Хотя Катарина не имела обыкновения советоваться с мужем по домашним делам, на этот раз она обратилась к нему за помощью. Сама я их разговора не слышала, но мне о нем рассказала Мартхе. В то время у нас с Мартхе были хорошие отношения. Она вдруг повзрослела, потеряла интерес к детским играм и предпочитала быть рядом, когда я занималась своими делами. Я научила ее сбрызгивать белье, чтобы оно лучше отбеливалось на солнце, выводить жирные пятна смесью соли и вина, протирать днище утюга крупной солью, чтобы оно не приставало к белью и не оставляло горелых пятен. У нее были нежные руки, и от воды они загрубели бы. Так что я позволяла ей наблюдать за мной, но не позволяла мочить руки. К этому времени мои собственные руки были окончательно загублены: никакие матушкины мази не смогли уберечь их от трещин и цыпок. У меня были натруженные загрубевшие руки, хотя мне еще не исполнилось восемнадцати лет.
Мартхе была немного похожа на мою сестру Агнесу – такой же любопытный живой ум, такая же быстрота в принятии решений. Но она была не младшей сестрой, а старшей, и это воспитало в ней чувство ответственности. Ей поручали присматривать за сестрами и братом – так же как я присматривала за Франсом и Агнесой. И потому и у нее выработалось осторожное отношение к жизни и нелюбовь к переменам.
– Мама хочет забрать шкатулку с драгоценностями, – сказала она, когда мы шли по Рыночной площади. – Она говорила об этом с папой.
– И что она сказала? – с показным равнодушием спросила я, разглядывая восьмиконечную звезду. Я заметила, что, отпирая по утрам дверь мастерской, Катарина всегда бросала взгляд на стол, где лежали ее драгоценности.
Мартхе ответила не сразу.
– Маме не нравится, что ты заперта по ночам вместе с ее украшениями, – наконец выговорила она. Она не объяснила, чего опасалась Катарина – видимо, того, что я возьму со стола ожерелье, засуну шкатулку под мышку, вылезу в окно – и поминай как звали.
По сути дела, Мартхе пыталась меня предостеречь.
– Она хочет, чтобы ты опять спала внизу, – продолжала она. – Кормилицу скоро рассчитают, и тебе незачем будет спать на чердаке.
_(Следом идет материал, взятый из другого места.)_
lemma partial_dir_eq_derivative:
  fixes g :: "complex \<Rightarrow> real"
  assumes "(g has_derivative D) (at z)"
  shows "partial_dir g d z = D d"
  using has_real_derivative_along_line[of g D z 0 d] assms
  unfolding partial_dir_def by (simp add: DERIV_imp_deriv)

lemma has_derivative_partial_dir:
  fixes g :: "complex \<Rightarrow> real"
  assumes "g differentiable (at z)"
  shows "(g has_derivative (\<lambda>h. Re h * partial_dir g 1 z + Im h * partial_dir g \<i> z)) (at z)"
proof -
  obtain D where D: "(g has_derivative D) (at z)"
    using assms by (auto simp: differentiable_def)
  moreover have "D = (\<lambda>h. Re h * partial_dir g 1 z + Im h * partial_dir g \<i> z)"
  proof
    fix h
    show "D h = Re h * partial_dir g 1 z + Im h * partial_dir g \<i> z"
      using linear_complex_to_real_eq[OF has_derivative_linear[OF D], of h]
      by (simp only: partial_dir_eq_derivative[OF D])
  qed
  ultimately show ?thesis by simp
qed

lemma has_real_derivative_partial_dir:
  fixes g :: "complex \<Rightarrow> real"
  assumes "g differentiable (at (c + of_real s * d))"
  shows "((\<lambda>t. g (c + of_real t * d)) has_real_derivative partial_dir g d (c + of_real s * d)) (at s)"
proof -
  obtain D where "(g has_derivative D) (at (c + of_real s * d))"
    using assms by (auto simp: differentiable_def)
  then show ?thesis
    by (simp add: has_real_derivative_along_line partial_dir_eq_derivative)
qed

lemma second_difference_mean_value:
  fixes u :: "complex \<Rightarrow> real"
  assumes du: "\<And>w. u differentiable (at w)"
    and dp: "\<And>w. partial_dir u d differentiable (at w)"
    and t: "t > 0"
  obtains \<xi> \<eta> where "0 < \<xi>" "\<xi> < t" "0 < \<eta>" "\<eta> < t"
    "u (z + of_real t * d + of_real t * e) - u (z + of_real t * d) - u (z + of_real t * e) + u z
       = t * t * partial_dir (partial_dir u d) e (z + of_real \<xi> * d + of_real \<eta> * e)"
proof -
  let ?p = "partial_dir u d"
  define \<phi> where "\<phi> s = u (z + of_real t * e + of_real s * d) - u (z + of_real s * d)" for s
  have \<phi>': "(\<phi> has_real_derivative
          ?p (z + of_real t * e + of_real s * d) - ?p (z + of_real s * d)) (at s)" for s
    unfolding \<phi>_def by (intro DERIV_diff has_real_derivative_partial_dir du)
  then obtain \<xi> where \<xi>: "0 < \<xi>" "\<xi> < t"
    and \<phi>: "\<phi> t - \<phi> 0 = t * (?p (z + of_real t * e + of_real \<xi> * d) - ?p (z + of_real \<xi> * d))"
    using MVT2[OF t \<phi>'] by auto
  have p': "((\<lambda>r. ?p (z + of_real \<xi> * d + of_real r * e)) has_real_derivative
          partial_dir ?p e (z + of_real \<xi> * d + of_real r * e)) (at r)" for r
    by (rule has_real_derivative_partial_dir[OF dp])
  then obtain \<eta> where \<eta>: "0 < \<eta>" "\<eta> < t"
    and p: "?p (z + of_real \<xi> * d + of_real t * e) - ?p (z + of_real \<xi> * d + of_real 0 * e)
            = t * partial_dir ?p e (z + of_real \<xi> * d + of_real \<eta> * e)"
    using MVT2[OF t p'] by auto
  show thesis
  proof (rule that[OF \<xi> \<eta>])
    show "u (z + of_real t * d + of_real t * e) - u (z + of_real t * d) - u (z + of_real t * e) + u z
        = t * t * partial_dir ?p e (z + of_real \<xi> * d + of_real \<eta> * e)"
      using \<phi> p unfolding \<phi>_def by (simp add: algebra_simps)
  qed
qed

lemma mixed_partials_agree_nearby:
  fixes u :: "complex \<Rightarrow> real"
  assumes du: "\<And>w. u differentiable (at w)"
    and dd: "\<And>w. partial_dir u d differentiable (at w)"
    and de: "\<And>w. partial_dir u e differentiable (at w)"
    and \<delta>: "\<delta> > 0"
  obtains P Q where "dist P z < \<delta>" "dist Q z < \<delta>"
    "partial_dir (partial_dir u d) e P = partial_dir (partial_dir u e) d Q"
proof -
  define t where "t = \<delta> / (cmod d + cmod e + 1)"
  have t: "t > 0" using \<delta> by (simp add: t_def add_nonneg_pos)
  have near: "dist (z + of_real x * d + of_real y * e) z < \<delta>"
    if "0 < x" "x < t" "0 < y" "y < t" for x y
  proof -
    have "dist (z + of_real x * d + of_real y * e) z \<le> x * cmod d + y * cmod e"
      using norm_triangle_ineq[of "of_real x * d" "of_real y * e"] that
      by (simp add: dist_norm norm_mult)
    also have "\<dots> \<le> t * (cmod d + cmod e)"
      using that by (simp add: distrib_left add_mono mult_right_mono)
    also have "\<dots> = \<delta> * ((cmod d + cmod e) / (cmod d + cmod e + 1))"
      by (simp add: t_def)
    also have "\<dots> < \<delta> * 1"
      using \<delta> by (intro mult_strict_left_mono) (auto simp: add_nonneg_pos)
    finally show ?thesis by simp
  qed
  obtain \<xi> \<eta> where \<xi>\<eta>: "0 < \<xi>" "\<xi> < t" "0 < \<eta>" "\<eta> < t"
    and diff_de: "u (z + of_real t * d + of_real t * e) - u (z + of_real t * d) - u (z + of_real t * e) + u z
       = t * t * partial_dir (partial_dir u d) e (z + of_real \<xi> * d + of_real \<eta> * e)"
    using second_difference_mean_value[OF du dd t] .
  obtain \<xi>' \<eta>' where \<xi>\<eta>': "0 < \<xi>'" "\<xi>' < t" "0 < \<eta>'" "\<eta>' < t"
    and diff_ed: "u (z + of_real t * e + of_real t * d) - u (z + of_real t * e) - u (z + of_real t * d) + u z
       = t * t * partial_dir (partial_dir u e) d (z + of_real \<xi>' * e + of_real \<eta>' * d)"
    using second_difference_mean_value[OF du de t] .
  \<comment> \<open>both mean-value expansions describe the same second difference, which is symmetric in d, e\<close>
  have "partial_dir (partial_dir u d) e (z + of_real \<xi> * d + of_real \<eta> * e)
      = partial_dir (partial_dir u e) d (z + of_real \<eta>' * d + of_real \<xi>' * e)"
    using diff_de diff_ed t by (simp add: algebra_simps)
  then show thesis
    using that near[OF \<xi>\<eta>] near[OF \<xi>\<eta>'(3,4,1,2)] by blast
qed

lemma partial_dir_commute:
  fixes u :: "complex \<Rightarrow> real"
  assumes du: "\<And>w. u differentiable (at w)"
    and dd: "\<And>w. partial_dir u d differentiable (at w)"
    and de: "\<And>w. partial_dir u e differentiable (at w)"
    and cde: "continuous_on UNIV (partial_dir (partial_dir u d) e)"
    and ced: "continuous_on UNIV (partial_dir (partial_dir u e) d)"
  shows "partial_dir (partial_dir u d) e z = partial_dir (partial_dir u e) d z"
proof -
  let ?f = "partial_dir (partial_dir u d) e" and ?g = "partial_dir (partial_dir u e) d"
  have cont_at: "\<exists>\<delta>>0. \<forall>x. dist x z < \<delta> \<longrightarrow> dist (h x) (h z) < \<epsilon>"
    if "continuous_on UNIV h" "\<epsilon> > 0" for h :: "complex \<Rightarrow> real" and \<epsilon>
    using that unfolding continuous_on_iff by blast
  have "\<bar>?f z - ?g z\<bar> \<le> \<epsilon>" if "\<epsilon> > 0" for \<epsilon>
  proof -
    obtain \<delta>1 where "\<delta>1 > 0" and \<delta>1: "\<forall>x. dist x z < \<delta>1 \<longrightarrow> dist (?f x) (?f z) < \<epsilon> / 2"
      using cont_at[OF cde, of "\<epsilon> / 2"] \<open>\<epsilon> > 0\<close> by auto
    obtain \<delta>2 where "\<delta>2 > 0" and \<delta>2: "\<forall>x. dist x z < \<delta>2 \<longrightarrow> dist (?g x) (?g z) < \<epsilon> / 2"
      using cont_at[OF ced, of "\<epsilon> / 2"] \<open>\<epsilon> > 0\<close> by auto
    have "min \<delta>1 \<delta>2 > 0" using \<open>\<delta>1 > 0\<close> \<open>\<delta>2 > 0\<close> by simp
    then obtain P Q where PQ: "dist P z < min \<delta>1 \<delta>2" "dist Q z < min \<delta>1 \<delta>2" "?f P = ?g Q"
      using mixed_partials_agree_nearby[OF du dd de] by blast
    have "\<bar>?f P - ?f z\<bar> < \<epsilon> / 2" "\<bar>?g Q - ?g z\<bar> < \<epsilon> / 2"
      using \<delta>1 \<delta>2 PQ(1,2) by (simp_all add: dist_real_def)
    with PQ(3) show ?thesis by linarith
  qed
  then have "?f z - ?g z = 0" by (rule dense_eq0_I)
  then show ?thesis by simp
qed

lemma harmonic_conj_gradient_holomorphic:
  assumes "harmonic u"
  shows "(\<lambda>z. of_real (partial_dir u 1 z) - \<i> * of_real (partial_dir u \<i> z)) holomorphic_on UNIV"
proof -
  let ?p = "partial_dir u 1" and ?q = "partial_dir u \<i>"
  have dp: "?p differentiable (at z)" and dq: "?q differentiable (at z)" for z
    using assms by (auto simp: harmonic_def)
  have sym: "partial_dir ?p \<i> z = partial_dir ?q 1 z" for z
    using assms by (intro partial_dir_commute) (auto simp: harmonic_def)
  have laplace: "partial_dir ?p 1 z + partial_dir ?q \<i> z = 0" for z
    using assms by (simp add: harmonic_def)
  have "((\<lambda>z. of_real (?p z) - \<i> * of_real (?q z)) has_field_derivative
          of_real (partial_dir ?p 1 w) - \<i> * of_real (partial_dir ?q 1 w)) (at w)" for w
  proof -
    have "((\<lambda>z. of_real (?p z) - \<i> * of_real (?q z)) has_derivative
            (\<lambda>h. of_real (Re h * partial_dir ?p 1 w + Im h * partial_dir ?p \<i> w)
                 - \<i> * of_real (Re h * partial_dir ?q 1 w + Im h * partial_dir ?q \<i> w))) (at w)"
      by (intro derivative_eq_intros)
        (auto intro: has_derivative_partial_dir[OF dp] has_derivative_partial_dir[OF dq])
    moreover have "(\<lambda>h. of_real (Re h * partial_dir ?p 1 w + Im h * partial_dir ?p \<i> w)
                 - \<i> * of_real (Re h * partial_dir ?q 1 w + Im h * partial_dir ?q \<i> w))
        = (*) (of_real (partial_dir ?p 1 w) - \<i> * of_real (partial_dir ?q 1 w))"
      using sym[of w] laplace[of w]
      by (simp add: fun_eq_iff complex_eq_iff algebra_simps eq_neg_iff_add_eq_0[symmetric])
    ultimately show ?thesis by (simp add: has_field_derivative_def)
  qed
  then show ?thesis
    by (auto simp: holomorphic_on_def field_differentiable_def)
qed

lemma harmonic_eq_Re_entire:
  assumes "harmonic u"
  obtains G where "G holomorphic_on UNIV" "\<And>z. u z = Re (G z)"
proof -
  let ?g = "\<lambda>z. of_real (partial_dir u 1 z) - \<i> * of_real (partial_dir u \<i> z)"
  obtain G where G: "\<And>z. (G has_field_derivative ?g z) (at z)"
    using holomorphic_convex_primitive'[OF _ _ harmonic_conj_gradient_holomorphic[OF assms]] by auto
  have "((\<lambda>z. u z - Re (G z)) has_derivative (\<lambda>h. 0)) (at z)" for z
  proof -
    have "u differentiable (at z)" using assms by (simp add: harmonic_def)
    from has_derivative_partial_dir[OF this] G[of z]
    have "((\<lambda>z. u z - Re (G z)) has_derivative
            (\<lambda>h. Re h * partial_dir u 1 z + Im h * partial_dir u \<i> z - Re (?g z * h))) (at z)"
      unfolding has_field_derivative_def by (intro derivative_eq_intros) auto
    then show ?thesis by simp
  qed
  then obtain c where "\<And>z. u z - Re (G z) = c"
    using has_derivative_zero_constant[of UNIV "\<lambda>z. u z - Re (G z)"] by auto
  moreover have "G holomorphic_on UNIV"
    using G by (auto simp: holomorphic_on_def field_differentiable_def)
  then have "(\<lambda>z. G z + of_real c) holomorphic_on UNIV"
    by (intro holomorphic_intros)
  ultimately show thesis
    by (intro that[of "\<lambda>z. G z + of_real c"]) (auto simp: algebra_simps)
qed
Она сказала: «Или она, или шкатулка».
– А что ответил твой отец?
– Ничего. Сказал, что подумает.
У меня сдавило сердце. Катарина велела ему выбирать между мной и шкатулкой. Ему не удастся сохранить и то и другое. Но я знала, что он не станет убирать из картины жемчуг. Он уберет с чердака меня. И я больше не смогу ему помогать.
К ногам у меня словно привязали гири. Годы и годы таскания воды, выжимания мокрого белья, мытья полов, выливания ночных горшков – без просвета, без красоты – простирались передо мной, словно пейзаж голландской равнины, где далеко-далеко виднеется море, достичь которого нет никакой возможности… Если мне нельзя будет заниматься красками, нельзя будет находиться рядом с ним, я не смогу здесь оставаться.
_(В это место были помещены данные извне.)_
(* Let $n>1$ and let $G$ be a bipartite graph having two vertices $x$ and $y$ in the same partite set such that $N(x)$ is a proper subset of $N(y)$. Let $H=G+K_1$ and suppose $H[\overline{K_n}]$ admits a local distance antimagic labeling. Then $\chi_{ld}(H[\overline{K_{n}}])\geq 4$.
   Context: All graphs are finite, simple and undirected. $N(v)$ is the open neighborhood of $v$. For a graph $G=(V,E)$ of order $N$ without isolated vertices, a bijection $f\colon V\to\{1,2,\dots,N\}$ is a local distance antimagic labeling if $w(u)\neq w(v)$ for every edge $uv$, where $w(u)=\sum_{x\in N(u)}f(x)$. $\chi_{ld}(G)$ is the minimum number of distinct weights over all local distance antimagic labelings of $G$. $\overline{K_n}$ is the edgeless graph on $n$ vertices. $G+K_1$ is $G$ together with a new vertex adjacent to all vertices of $G$. The lexicographic product $G[H]$ has vertex set $V(G)\times V(H)$, with $(g,h)$ adjacent to $(g',h')$ iff $gg'\in E(G)$, or $g=g'$ and $hh'\in E(H)$. *)

theory Defs
  imports Main
begin

definition simple_graph :: "'a set \<Rightarrow> ('a \<Rightarrow> 'a \<Rightarrow> bool) \<Rightarrow> bool" where
  "simple_graph V E \<longleftrightarrow> finite V \<and> (\<forall>u v. E u v \<longrightarrow> u \<in> V \<and> v \<in> V)
     \<and> (\<forall>u v. E u v \<longrightarrow> E v u) \<and> (\<forall>u. \<not> E u u)"

definition nbhd :: "'a set \<Rightarrow> ('a \<Rightarrow> 'a \<Rightarrow> bool) \<Rightarrow> 'a \<Rightarrow> 'a set" where
  "nbhd V E u = {x \<in> V. E u x}"

definition bipartition :: "'a set \<Rightarrow> ('a \<Rightarrow> 'a \<Rightarrow> bool) \<Rightarrow> 'a set \<Rightarrow> 'a set \<Rightarrow> bool" where
  "bipartition V E A B \<longleftrightarrow> A \<union> B = V \<and> A \<inter> B = {}
     \<and> (\<forall>u\<in>A. \<forall>v\<in>A. \<not> E u v) \<and> (\<forall>u\<in>B. \<forall>v\<in>B. \<not> E u v)"

definition join_K1_V :: "'a set \<Rightarrow> 'a option set" where
  "join_K1_V V = insert None (Some ` V)"

fun join_K1_E :: "('a \<Rightarrow> 'a \<Rightarrow> bool) \<Rightarrow> 'a option \<Rightarrow> 'a option \<Rightarrow> bool" where
  "join_K1_E E (Some u) (Some v) = E u v"
| "join_K1_E E None (Some v) = True"
| "join_K1_E E (Some u) None = True"
| "join_K1_E E None None = False"

definition lex_V :: "'a set \<Rightarrow> 'b set \<Rightarrow> ('a \<times> 'b) set" where
  "lex_V VG VH = VG \<times> VH"

definition lex_E :: "('a \<Rightarrow> 'a \<Rightarrow> bool) \<Rightarrow> ('b \<Rightarrow> 'b \<Rightarrow> bool) \<Rightarrow> 'a \<times> 'b \<Rightarrow> 'a \<times> 'b \<Rightarrow> bool" where
  "lex_E EG EH p q \<longleftrightarrow> EG (fst p) (fst q) \<or> (fst p = fst q \<and> EH (snd p) (snd q))"

definition empty_V :: "nat \<Rightarrow> nat set" where
  "empty_V n = {0..<n}"

definition empty_E :: "nat \<Rightarrow> nat \<Rightarrow> bool" where
  "empty_E u v = False"

definition ld_weight :: "'a set \<Rightarrow> ('a \<Rightarrow> 'a \<Rightarrow> bool) \<Rightarrow> ('a \<Rightarrow> nat) \<Rightarrow> 'a \<Rightarrow> nat" where
  "ld_weight V E f u = (\<Sum>x\<in>nbhd V E u. f x)"

definition ld_labeling :: "'a set \<Rightarrow> ('a \<Rightarrow> 'a \<Rightarrow> bool) \<Rightarrow> ('a \<Rightarrow> nat) \<Rightarrow> bool" where
  "ld_labeling V E f \<longleftrightarrow> bij_betw f V {1..card V}
     \<and> (\<forall>u\<in>V. \<forall>v\<in>V. E u v \<longrightarrow> ld_weight V E f u \<noteq> ld_weight V E f v)"

definition chi_ld :: "'a set \<Rightarrow> ('a \<Rightarrow> 'a \<Rightarrow> bool) \<Rightarrow> nat" where
  "chi_ld V E = Min {card (ld_weight V E f ` V) | f. ld_labeling V E f}"

end

theory Submission
  imports Defs
begin

text \<open>In \<open>H = G + K\<^sub>1\<close> the vertex of \<open>K\<^sub>1\<close> is adjacent to every other vertex, and in
  \<open>H[\<overline>K\<^sub>n]\<close> the weight of a vertex \<open>(u, i)\<close> does not depend on \<open>i\<close>; since all labels are
  positive, a proper inclusion of neighbourhoods forces a strictly smaller weight. Hence the
  apex, \<open>x\<close> and \<open>y\<close> get three distinct weights, and a fourth comes either from a neighbour
  \<open>b\<close> of \<open>x\<close> (adjacent to \<open>x\<close>, \<open>y\<close> and the apex) or, if \<open>x\<close> is isolated in \<open>G\<close>, from a
  neighbour \<open>z\<close> of \<open>y\<close>, whose neighbourhood in \<open>H\<close> properly contains that of \<open>x\<close>.\<close>

lemma nbhd_subset: "nbhd V E u \<subseteq> V"
  unfolding nbhd_def by blast

lemma ld_labeling_pos:
  assumes "ld_labeling V E f" "p \<in> V"
  shows "0 < f p"
  using assms unfolding ld_labeling_def bij_betw_def by fastforce

lemma ld_labeling_adjacent_weights_differ:
  assumes "ld_labeling V E f" "u \<in> V" "v \<in> V" "E u v"
  shows "ld_weight V E f u \<noteq> ld_weight V E f v"
  using assms unfolding ld_labeling_def by blast

lemma ld_weight_less_if_nbhd_psubset:
  assumes "finite V" "\<And>p. p \<in> V \<Longrightarrow> 0 < f p" "nbhd V E u \<subset> nbhd V E v"
  shows "ld_weight V E f u < ld_weight V E f v"
proof -
  obtain t where t: "t \<in> nbhd V E v" "t \<notin> nbhd V E u"
    using assms(3) by blast
  have "0 < f t"
    using t(1) nbhd_subset[of V E v] assms(2) by blast
  moreover have "finite (nbhd V E v)"
    using finite_subset[OF nbhd_subset assms(1)] .
  ultimately show ?thesis
    unfolding ld_weight_def
    using t assms(3) by (intro sum_strict_mono2[of _ _ t]) auto
qed

lemma nbhd_lex_empty:
  "nbhd (lex_V VH (empty_V n)) (lex_E EH empty_E) (u, i) = nbhd VH EH u \<times> empty_V n"
  unfolding nbhd_def lex_V_def lex_E_def empty_E_def by auto

lemma ld_weight_lex_empty:
  "ld_weight (lex_V VH (empty_V n)) (lex_E EH empty_E) f (u, i)
     = ld_weight (lex_V VH (empty_V n)) (lex_E EH empty_E) f (u, j)"
  unfolding ld_weight_def nbhd_lex_empty ..

lemma nbhd_join_K1_Some:
  assumes "simple_graph V E"
  shows "nbhd (join_K1_V V) (join_K1_E E) (Some u) = insert None (Some ` nbhd V E u)"
  using assms unfolding nbhd_def join_K1_V_def simple_graph_def by auto

lemma four_le_card_image:
  assumes "finite S" "a \<in> S" "b \<in> S" "c \<in> S" "d \<in> S"
    "g a \<noteq> g b" "g a \<noteq> g c" "g a \<noteq> g d" "g b \<noteq> g c" "g b \<noteq> g d" "g c \<noteq> g d"
  shows "4 \<le> card (g ` S)"
proof -
  have "card {g a, g b, g c, g d} = 4"
    using assms by simp
  moreover have "{g a, g b, g c, g d} \<subseteq> g ` S"
    using assms by auto
  ultimately show ?thesis
    using assms(1) by (metis card_mono finite_imageI)
qed

lemma chi_ld_ge:
  assumes "finite V" "\<exists>f. ld_labeling V E f"
    and "\<And>f. ld_labeling V E f \<Longrightarrow> k \<le> card (ld_weight V E f ` V)"
  shows "k \<le> chi_ld V E"
proof -
  let ?S = "{card (ld_weight V E f ` V) | f. ld_labeling V E f}"
  have "?S \<subseteq> {..card V}"
    using card_image_le[OF assms(1)] by auto
  then have "finite ?S"
    using finite_subset by blast
  then show ?thesis
    unfolding chi_ld_def using assms(2,3) by auto
qed

lemma four_le_card_weights_join_K1:
  fixes V :: "'a set" and E :: "'a \<Rightarrow> 'a \<Rightarrow> bool" and W :: "'a option \<Rightarrow> nat"
  defines "VH \<equiv> join_K1_V V" and "EH \<equiv> join_K1_E E"
  assumes G: "simple_graph V E" and "x \<in> V" "y \<in> V" and xy: "nbhd V E x \<subset> nbhd V E y"
    and adj: "\<And>u v. u \<in> VH \<Longrightarrow> v \<in> VH \<Longrightarrow> EH u v \<Longrightarrow> W u \<noteq> W v"
    and mono: "\<And>u v. nbhd VH EH u \<subset> nbhd VH EH v \<Longrightarrow> W u < W v"
  shows "4 \<le> card (W ` VH)"
proof -
  have VH: "finite VH" "None \<in> VH" "\<And>v. v \<in> V \<Longrightarrow> Some v \<in> VH"
    using G unfolding VH_def join_K1_V_def simple_graph_def by auto
  have nbhd_Some: "\<And>u. nbhd VH EH (Some u) = insert None (Some ` nbhd V E u)"
    unfolding VH_def EH_def using nbhd_join_K1_Some[OF G] .
  have edge: "\<And>u v. E u v \<Longrightarrow> v \<in> V \<and> E v u"
    using G unfolding simple_graph_def by blast
  have apex: "W None \<noteq> W (Some v)" if "v \<in> V" for v
    using adj[OF VH(2) VH(3)[OF that]] by (simp add: EH_def)
  have Some_adj: "W (Some u) \<noteq> W (Some v)" if "u \<in> V" "v \<in> V" "E u v" for u v
    using adj[OF VH(3)[OF that(1)] VH(3)[OF that(2)]] that(3) by (simp add: EH_def)
  have "nbhd VH EH (Some x) \<subset> nbhd VH EH (Some y)"
    unfolding nbhd_Some using xy by (auto simp: inj_image_subset_iff)
  then have Wxy: "W (Some x) < W (Some y)"
    by (rule mono)
  show ?thesis
  proof (cases "nbhd V E x = {}")
    case False
    then obtain b where b: "E x b" "E y b"
      using xy unfolding nbhd_def by auto
    have "b \<in> V"
      using edge b(1) by blast
    show ?thesis
      using four_le_card_image[OF VH(1,2) VH(3)[OF \<open>x \<in> V\<close>] VH(3)[OF \<open>y \<in> V\<close>] VH(3)[OF \<open>b \<in> V\<close>]
          apex[OF \<open>x \<in> V\<close>] apex[OF \<open>y \<in> V\<close>] apex[OF \<open>b \<in> V\<close>] less_imp_neq[OF Wxy]
          Some_adj[OF \<open>x \<in> V\<close> \<open>b \<in> V\<close> b(1)] Some_adj[OF \<open>y \<in> V\<close> \<open>b \<in> V\<close> b(2)]] .
  next
    case True
    obtain z where z: "E y z"
      using xy unfolding nbhd_def by auto
    then have "z \<in> V" "E z y"
      using edge by blast+
    have "nbhd VH EH (Some x) \<subset> nbhd VH EH (Some z)"
      unfolding nbhd_Some True using \<open>E z y\<close> \<open>y \<in> V\<close> unfolding nbhd_def by blast
    then have Wxz: "W (Some x) < W (Some z)"
      by (rule mono)
    show ?thesis
      using four_le_card_image[OF VH(1,2) VH(3)[OF \<open>x \<in> V\<close>] VH(3)[OF \<open>y \<in> V\<close>] VH(3)[OF \<open>z \<in> V\<close>]
          apex[OF \<open>x \<in> V\<close>] apex[OF \<open>y \<in> V\<close>] apex[OF \<open>z \<in> V\<close>] less_imp_neq[OF Wxy]
          less_imp_neq[OF Wxz] Some_adj[OF \<open>y \<in> V\<close> \<open>z \<in> V\<close> z]] .
  qed
qed

lemma ld_labeling_lex_empty_weights:
  fixes VH :: "'a set" and EH :: "'a \<Rightarrow> 'a \<Rightarrow> bool" and n :: nat and f :: "'a \<times> nat \<Rightarrow> nat"
  defines "V' \<equiv> lex_V VH (empty_V n)" and "E' \<equiv> lex_E EH empty_E"
  defines "W \<equiv> \<lambda>u. ld_weight V' E' f (u, 0)"
  assumes "finite VH" "0 < n" and f: "ld_labeling V' E' f"
  shows "ld_weight V' E' f ` V' = W ` VH"
    and "\<And>u v. u \<in> VH \<Longrightarrow> v \<in> VH \<Longrightarrow> EH u v \<Longrightarrow> W u \<noteq> W v"
    and "\<And>u v. nbhd VH EH u \<subset> nbhd VH EH v \<Longrightarrow> W u < W v"
proof -
  have layer: "(u, 0) \<in> V' \<longleftrightarrow> u \<in> VH" for u
    using \<open>0 < n\<close> unfolding V'_def lex_V_def empty_V_def by simp
  have "ld_weight V' E' f p = W (fst p)" for p
    unfolding W_def V'_def E'_def by (metis ld_weight_lex_empty prod.collapse)
  then have "ld_weight V' E' f ` V' = W ` fst ` V'"
    by (simp add: image_image)
  also have "fst ` V' = VH"
    using \<open>0 < n\<close> unfolding V'_def lex_V_def empty_V_def by simp
  finally show "ld_weight V' E' f ` V' = W ` VH" .
  show "W u \<noteq> W v" if "u \<in> VH" "v \<in> VH" "EH u v" for u v
    unfolding W_def using ld_labeling_adjacent_weights_differ[OF f] layer that
    by (simp add: E'_def lex_E_def)
  show "W u < W v" if "nbhd VH EH u \<subset> nbhd VH EH v" for u v
  proof -
    have "finite V'"
      using \<open>finite VH\<close> unfolding V'_def lex_V_def empty_V_def by simp
    have "0 \<in> empty_V n"
      using \<open>0 < n\<close> unfolding empty_V_def by simp
    then have psub: "nbhd V' E' (u, 0) \<subset> nbhd V' E' (v, 0)"
      using that unfolding V'_def E'_def nbhd_lex_empty
      by (simp add: psubset_eq Times_subset_cancel2 Times_eq_cancel2)
    show ?thesis
      using ld_weight_less_if_nbhd_psubset[OF \<open>finite V'\<close> ld_labeling_pos[OF f] psub]
      unfolding W_def .
  qed
qed

text \<open>Of the hypotheses only \<open>n > 0\<close> and \<open>x, y \<in> V\<close> are needed: \<open>x\<close> and \<open>y\<close> are
  non-adjacent anyway, as \<open>N(x) \<subset> N(y)\<close> and \<open>G\<close> has no loops.\<close>

theorem mainTheorem16:
  fixes V :: "'a set" and E :: "'a \<Rightarrow> 'a \<Rightarrow> bool" and n :: nat and x y :: 'a
  assumes "simple_graph V E"
    and "n > 1"
    and "\<exists>A B. bipartition V E A B \<and> x \<in> A \<and> y \<in> A"
    and "nbhd V E x \<subset> nbhd V E y"
    and "\<exists>f. ld_labeling (lex_V (join_K1_V V) (empty_V n))
                 (lex_E (join_K1_E E) empty_E) f"
  shows "chi_ld (lex_V (join_K1_V V) (empty_V n)) (lex_E (join_K1_E E) empty_E) \<ge> 4"
proof (rule chi_ld_ge)
  have finite: "finite (join_K1_V V)"
    using assms(1) unfolding join_K1_V_def simple_graph_def by simp
  then show "finite (lex_V (join_K1_V V) (empty_V n))"
    unfolding lex_V_def empty_V_def by simp
  have "x \<in> V" "y \<in> V"
    using assms(3) unfolding bipartition_def by auto
  have "0 < n"
    using assms(2) by simp
  fix f
  assume "ld_labeling (lex_V (join_K1_V V) (empty_V n)) (lex_E (join_K1_E E) empty_E) f"
  note weights = ld_labeling_lex_empty_weights[OF finite \<open>0 < n\<close> this]
  show "4 \<le> card (ld_weight (lex_V (join_K1_V V) (empty_V n))
                    (lex_E (join_K1_E E) empty_E) f ` lex_V (join_K1_V V) (empty_V n))"
    unfolding weights(1)
    by (rule four_le_card_weights_join_K1[OF assms(1) \<open>x \<in> V\<close> \<open>y \<in> V\<close> assms(4) weights(2,3)])
qed (use assms(5) in blast)

end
Когда мы дошли до палатки мясника и я увидела, что Питера-младшего там нет, мои глаза вдруг наполнились слезами. Я и не знала, что мне так необходимо увидеть его красивое доброе лицо. Хотя я не могла разобраться в своих чувствах к нему, он напоминал мне, что выход есть, что я могу войти в другой мир. Может быть, я не так уж отличалась от родителей, которые надеялись, что с ним придет спасение и у них на столе появится мясо. Увидев мои слезы, Питер-старший пришел в восторг.
– Скажу сыну, что ты расплакалась, не найдя его здесь, – сказал он, соскребая ножом кровь с колоды для разделки туш.
– Нет уж, не вздумайте, – пробурчала я и спросила Мартхе: – Что нам сегодня надо купить?
– Мясо для рагу, – с готовностью ответила она. – Четыре фунта.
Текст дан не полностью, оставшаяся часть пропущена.